* [Required action]:
Lines to be reproduced exactly: the one that holds "T \<gamma> \<longleftrightarrow> \<gamma> \<ge> 0 \<and>" and all those after it through the end of the data. Include no others.

* [Data for analysis]:
section \<open>An expanding gauge for the companion matrix\<close>

definition companion_matrix :: "real \<Rightarrow> real \<Rightarrow> real^2^2" where
  "companion_matrix a b = vector [vector [0, - b], vector [1, - a]]"

lemma companion_matrix_mult_nth [simp]:
  "(companion_matrix a b *v w) $ 1 = - b * w $ 2"
  "(companion_matrix a b *v w) $ 2 = w $ 1 - a * w $ 2"
  by (simp_all add: companion_matrix_def matrix_vector_mult_def sum_2)

lemma norm_vec2_sq: "norm (w :: real^2)^2 = (w $ 1)^2 + (w $ 2)^2"
  by (simp add: norm_vec_def L2_set_def sum_2)

lemma expansion_gauge_companionI:
  fixes V :: "real \<Rightarrow> real \<Rightarrow> real"
  assumes "1 < c" and "0 < L"
    and "\<And>x y. V (- x) (- y) = V x y"
    and "\<And>x y. c * V x y \<le> V (- b * y) (x - a * y)"
    and "\<And>x y. x^2 + y^2 \<le> L * V x y"
    and "continuous_on UNIV (\<lambda>w::real^2. V (w $ 1) (w $ 2))"
  shows "expansion_gauge ((*v) (companion_matrix a b)) c (\<lambda>w. V (w $ 1) (w $ 2))"
proof -
  have "1 / L * norm w ^ 2 \<le> V (w $ 1) (w $ 2)" for w :: "real^2"
    using assms(2) assms(5)[of "w $ 1" "w $ 2"] by (simp add: norm_vec2_sq field_simps)
  moreover have "0 < 1 / L" using assms(2) by simp
  ultimately show ?thesis
    unfolding expansion_gauge_def using assms(1,3,4,6)
    by (simp only: vector_uminus_component companion_matrix_mult_nth) blast
qed

lemma power2_add_le: "((p::real) + q)^2 \<le> 2 * p^2 + 2 * q^2"
proof -
  have "0 \<le> (p - q)^2" by simp
  then show ?thesis by (simp add: power2_eq_square algebra_simps)
qed
(* Let $U\in\mathbb{R}^{d\times n}$ be a frame, $z\in\mathbb{R}^n_{++}$, $c\in\mathbb{R}^n_{++}$ with $\langle c,1_n\rangle=d$, let $\emptyset\ne T\subsetneq[n]$, and let $h:=h^{U,z}_T$. Then: (1) $h$ is an increasing function of $\alpha$; (2) $\lim_{\alpha\to\infty}h(\alpha)=\operatorname{rk}(U_T)$; (3) $\langle c,1_T\rangle-h(1)\ge\gamma$, where $\gamma$ is the margin of $T$; (4) if $\operatorname{rk}(U_T)\ge\langle c,1_T\rangle$, then for the margin $\gamma$ of $T$ and any $\delta\in[0,\gamma)$, there is a finite solution $\alpha<\infty$ (with $\alpha\ge1$) to the equation $h(\alpha)=h(1)+\delta$.
   Context: A frame is a full row rank matrix $U=(u_1,\dots,u_n)\in\mathbb{R}^{d\times n}$; $U_T,Z_T$ denote restrictions to $T$, $\bar T=[n]\setminus T$, $Z=\mathrm{diag}(z)$, $1_T$ the indicator of $T$, $\circ$ the entrywise product. $\mathrm{lev}^U_j(z):=z_ju_j^{\mathsf T}(UZU^{\mathsf T})^{-1}u_j$. Margin of $T$: the largest $\gamma\ge0$ such that some $\nu\in\mathbb{R}$ satisfies $\max_{j\in T}(\mathrm{lev}^U_j(z)-c_j)\le\nu-\gamma\le\nu+\gamma\le\min_{j\notin T}(\mathrm{lev}^U_j(z)-c_j)$. Progress function: $h^{U,z}_T(\alpha):=\sum_{j\in T}\mathrm{lev}^U_j(z\circ(1_{\bar T}+\alpha1_T))=\mathrm{tr}[\alpha U_TZ_TU_T^{\mathsf T}(U_{\bar T}Z_{\bar T}U_{\bar T}^{\mathsf T}+\alpha U_TZ_TU_T^{\mathsf T})^{-1}]$ for $\alpha>0$. *)

theory Defs
  imports "HOL-Analysis.Analysis"
begin

text \<open>Matrices U :: real^'n^'d are d x n (rows indexed by 'd, columns by 'n).\<close>

definition diag_mat :: "real^'n \<Rightarrow> real^'n^'n" where
  "diag_mat z = (\<chi> i j. if i = j then z $ i else 0)"

definition is_frame :: "real^'n^'d \<Rightarrow> bool" where
  "is_frame U \<longleftrightarrow> rank U = CARD('d)"

text \<open>Restriction U_T, represented by zeroing the columns outside T (same rank).\<close>
definition restrict_cols :: "real^'n^'d \<Rightarrow> 'n set \<Rightarrow> real^'n^'d" where
  "restrict_cols U T = (\<chi> i j. if j \<in> T then U $ i $ j else 0)"

definition ind_vec :: "'n set \<Rightarrow> real^'n" where
  "ind_vec T = (\<chi> j. if j \<in> T then 1 else 0)"

definition lev :: "real^'n^'d \<Rightarrow> real^'n \<Rightarrow> 'n \<Rightarrow> real" where
  "lev U z j = z $ j * (column j U \<bullet>
      (matrix_inv (U ** diag_mat z ** transpose U) *v column j U))"

definition progress :: "real^'n^'d \<Rightarrow> real^'n \<Rightarrow> 'n set \<Rightarrow> real \<Rightarrow> real" where
  "progress U z T \<alpha> =
     (\<Sum>j\<in>T. lev U (\<chi> k. z $ k * (ind_vec (- T) $ k + \<alpha> * ind_vec T $ k)) j)"

definition margin_feasible :: "real^'n^'d \<Rightarrow> real^'n \<Rightarrow> real^'n \<Rightarrow> 'n set \<Rightarrow> real \<Rightarrow> bool" where
  "margin_feasible U z c T \<gamma> \<longleftrightarrow> \<gamma> \<ge> 0 \<and>
     (\<exists>\<nu>. Max ((\<lambda>j. lev U z j - c $ j) ` T) \<le> \<nu> - \<gamma> \<and> \<nu> - \<gamma> \<le> \<nu> + \<gamma> \<and>
          \<nu> + \<gamma> \<le> Min ((\<lambda>j. lev U z j - c $ j) ` (- T)))"

definition is_margin :: "real^'n^'d \<Rightarrow> real^'n \<Rightarrow> real^'n \<Rightarrow> 'n set \<Rightarrow> real \<Rightarrow> bool" where
  "is_margin U z c T \<gamma> \<longleftrightarrow> margin_feasible U z c T \<gamma> \<and>
     (\<forall>\<gamma>'. margin_feasible U z c T \<gamma>' \<longrightarrow> \<gamma>' \<le> \<gamma>)"

end

theory Submission
  imports Defs "HOL-Real_Asymp.Real_Asymp"
begin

* [Problem solution]:
  "margin_feasible U z c T \<gamma> \<longleftrightarrow> \<gamma> \<ge> 0 \<and>
     (\<exists>\<nu>. Max ((\<lambda>j. lev U z j - c $ j) ` T) \<le> \<nu> - \<gamma> \<and> \<nu> - \<gamma> \<le> \<nu> + \<gamma> \<and>
          \<nu> + \<gamma> \<le> Min ((\<lambda>j. lev U z j - c $ j) ` (- T)))"

definition is_margin :: "real^'n^'d \<Rightarrow> real^'n \<Rightarrow> real^'n \<Rightarrow> 'n set \<Rightarrow> real \<Rightarrow> bool" where
  "is_margin U z c T \<gamma> \<longleftrightarrow> margin_feasible U z c T \<gamma> \<and>
     (\<forall>\<gamma>'. margin_feasible U z c T \<gamma>' \<longrightarrow> \<gamma>' \<le> \<gamma>)"

end

theory Submission
  imports Defs "HOL-Real_Asymp.Real_Asymp"
begin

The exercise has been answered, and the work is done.